# Roxio Goback



## jefftexas (Nov 11, 2003)

I have only had to use this program a few times in the last couple of years but it has been a lifesaver.

My computer crashed today for some reason and wouldnt reboot correctly. I can just choose to revert the hardrive to an hour ago, or to yesterday or whenever it was working properly. If you had certain files you really needed, it gives you the option of restoring certain files that were lost in the revert process.

http://www.symantec.com/goback/

Jefftexas


----------



## plschwartz (Nov 15, 2000)

Ghost is included in Norton SystemWorks 2003 Professional Edition from about five bucks!
see http://www.pricegrabber.com/search_getprod.php?masterid=616491&zip_code=10014&ut=426ca24eee6c354e


----------



## artchik (Nov 6, 2001)

I agree with Jefftexas. GoBack was the smartest thing I did for my computer. It has saved my bacon many times in the year since I've installed it. I am still a relative newbie at some computer processes, and knowing that I can fix most anything I do to the computer by reverting the hard drive gives me such peace of mind.


----------



## GoJoAGoGo (Dec 26, 2002)

plschwartz:

Thanks for the pricegrabber.com link, lots of good deals there.

:up:


----------



## Rockn (Jul 29, 2001)

Cept for the fact that it slows your puter to a crawl, other than that it's alright. XP has this functionality built in but it seems to slow down the PC in the same way. I prefer having a ghost image of a very basic setup of all my apps I use daily, all files and docs kept on a seperate HDD. If trouble comes knocking just reimage and I am good to go.


----------



## It Wasn't me (Nov 11, 2003)

I have read this thread before and the program GO BACK does interest me but also brings up a question. Can the same thing be achieved in 98 for instance if you boot into DOS and type scanreg/restore (press enter) and you will be presented with the last 5 days of Registry backups, Pick the newest one that will work and press enter?


----------



## Dark Star (Jun 8, 2001)

"GoBack protects you from system crashes, virus damage, failed software installations, even user error, by letting you easily return to a time when your computer worked. 
Once installed, GoBack works transparently and continuously, tracking every move you make that affects your hard drive. You can retrieve specific files or restore your entire hard disk."

I'd say that's accurate.

I found GoBack to work very well with 98se and Win2k. Its accessible during bootup and in Windows... just select from a list of previous times and dates, click once and GoBack does the rest. How far back you can revert depends only on how much room on a HD you are willing to give over to GoBack.... 2 GB of a 20 GB drive is about right. On the downside you do take a hit on resource usage and cpu cycles, but I found it to be good tradeoff.... nothing could be easier or faster. 

I still use GoBack although I prefer using Drive Image.

Cheers...

DS


----------



## GoJoAGoGo (Dec 26, 2002)

It Wasn't me:

Basically when you do a scanreg /restore it will only take the registry back to a point in time. GoBack and also the System Restore in Windows ME and XP will take the entire HDD back in time. 

Hope that helps...


----------



## It Wasn't me (Nov 11, 2003)

Thanks GoJo
That does answer my question. I recently went way back in time the old way. I think I will try what Dark Star uses.. Drive Image.


----------



## TMK (Dec 9, 2003)

I just installed Windows XP and then Roxio Goback on a brand new 80GB hardrive. Nothing else on the drive. No problems with any of the installation. My Hard Drive is showing approx 6GB of used space. I only have one partition C:. This seems like a lot of HD space being used.
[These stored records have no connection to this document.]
lemma absent_angle_special_vertex:
  assumes tiling: "angle_congruent_tiling D al sg ang P"
    and "th \<in># P" "absent_at_deg3 D sg ang th"
  shows "\<exists>v\<in>vertices_of D sg.
          (card v = 4 \<and> (\<exists>a. a \<noteq> th \<and> image_mset ang (mset_set v) = {#a, th, th, th#}))
        \<or> (card v = 4 \<and> (\<forall>x\<in>v. ang x = th))
        \<or> (card v = 5 \<and> (\<forall>x\<in>v. ang x = th))"
proof (rule ccontr)
  assume none: "\<not> ?thesis"
  note pent = angle_congruent_tilingD(1)[OF tiling]
  let ?A = "{d\<in>D. ang d = th}"
  have "int (card ?A) \<le> (\<Sum>v\<in>vertices_of D sg. 2 * (int (card v) - 3))"
  proof (rule card_corners_le_sum_vertices[OF pentagonal_tilingD(1)[OF pent]])
    show "?A \<subseteq> D"
      by blast
    fix v assume v: "v \<in> vertices_of D sg"
    have "v \<inter> ?A = {x\<in>v. ang x = th}"
      using pentagonal_tiling_vertex(1)[OF pent v] by blast
    moreover have "card {x\<in>v. ang x = th} \<le> 2 * (card v - 3)" if "4 \<le> card v"
    proof (rule card_angle_at_vertex_le[OF pentagonal_tiling_vertex(3)[OF pent v] that])
      show "image_mset ang (mset_set v) \<noteq> {#a, th, th, th#}" if "card v = 4" "a \<noteq> th" for a
        using none v that by blast
      show "\<exists>x\<in>v. ang x \<noteq> th" if "card v = 4 \<or> card v = 5"
        using none v that by blast
    qed
    ultimately show "int (card (v \<inter> ?A)) \<le> 2 * (int (card v) - 3)"
      using pentagonal_tiling_vertex(2)[OF pent v] absent_at_deg3_disjoint[OF assms(3) v]
      by (cases "card v = 3") auto
  qed
  then show False
    using pentagonal_tiling_sum_excess[OF pent] card_faces_le_card_angle[OF tiling assms(2)]
    by linarith
qed

theorem lemma4:
  fixes D :: "'a set" and al sg :: "'a \<Rightarrow> 'a" and ang :: "'a \<Rightarrow> real"
    and P :: "real multiset" and th :: real
  assumes tiling: "angle_congruent_tiling D al sg ang P"
    and th_angle: "th \<in># P"
    and th_absent: "absent_at_deg3 D sg ang th"
  shows "(\<forall>th'. th' \<in># P \<and> absent_at_deg3 D sg ang th' \<longrightarrow> th' = th)
    \<and> count P th = 1
    \<and> 2 * num_deg D sg 4 + num_deg D sg 5 \<ge> 12
    \<and> (\<exists>v\<in>vertices_of D sg.
          (card v = 4 \<and> (\<exists>a. a \<noteq> th \<and> image_mset ang (mset_set v) = {#a, th, th, th#}))
        \<or> (card v = 4 \<and> (\<forall>x\<in>v. ang x = th))
        \<or> (card v = 5 \<and> (\<forall>x\<in>v. ang x = th)))"
  using absent_angle_unique[OF tiling th_angle th_absent]
    absent_angle_count_eq_1[OF tiling th_angle th_absent]
    absent_angle_deg45_bound[OF tiling th_angle th_absent]
    absent_angle_special_vertex[OF tiling th_angle th_absent]
  by blast

end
Before I go into a lot of searching, does this sound like its caused by GoBack?


----------



## GoJoAGoGo (Dec 26, 2002)

> _Originally posted by TMK:_
> *Before I go into a lot of searching, does this sound like its caused by GoBack? *


TMK:

Yes, GoBack uses approximately 10% of your available HD space to create safe system points needed to revert your HD back in time in case you should run into a problem. When you install the program, they will give you an option of how much HD space you want to allot for the safe system points.

Hope that answers your question...


----------



## TMK (Dec 9, 2003)

Thanks,
That does help!


----------



## GoJoAGoGo (Dec 26, 2002)

You're welcome ... :up:


----------



## GoJoAGoGo (Dec 26, 2002)

Just to update anyone who uses GoBack or may be thinking about using it, it takes over 2 hours to uninstall the program. This is something I didn't know before I decided to uninstall it. Seems like a really long time to uninstall a program.


----------



## buckaroo (Mar 25, 2001)

> _Originally posted by GoJoAGoGo:_
> *Just to update anyone who uses GoBack or may be thinking about using it, it takes over 2 hours to uninstall the program. This is something I didn't know before I decided to uninstall it. Seems like a really long time to uninstall a program.  *


GoJoAGoGo, maybe that's normal if you had GoBack on your system for an extended time. My experience is that you shouldn't defrag with GoBack active. Defraging baloons Goback's history file and it takes an interminable amount of time when you try to uninstall GoBack. At least it did with me.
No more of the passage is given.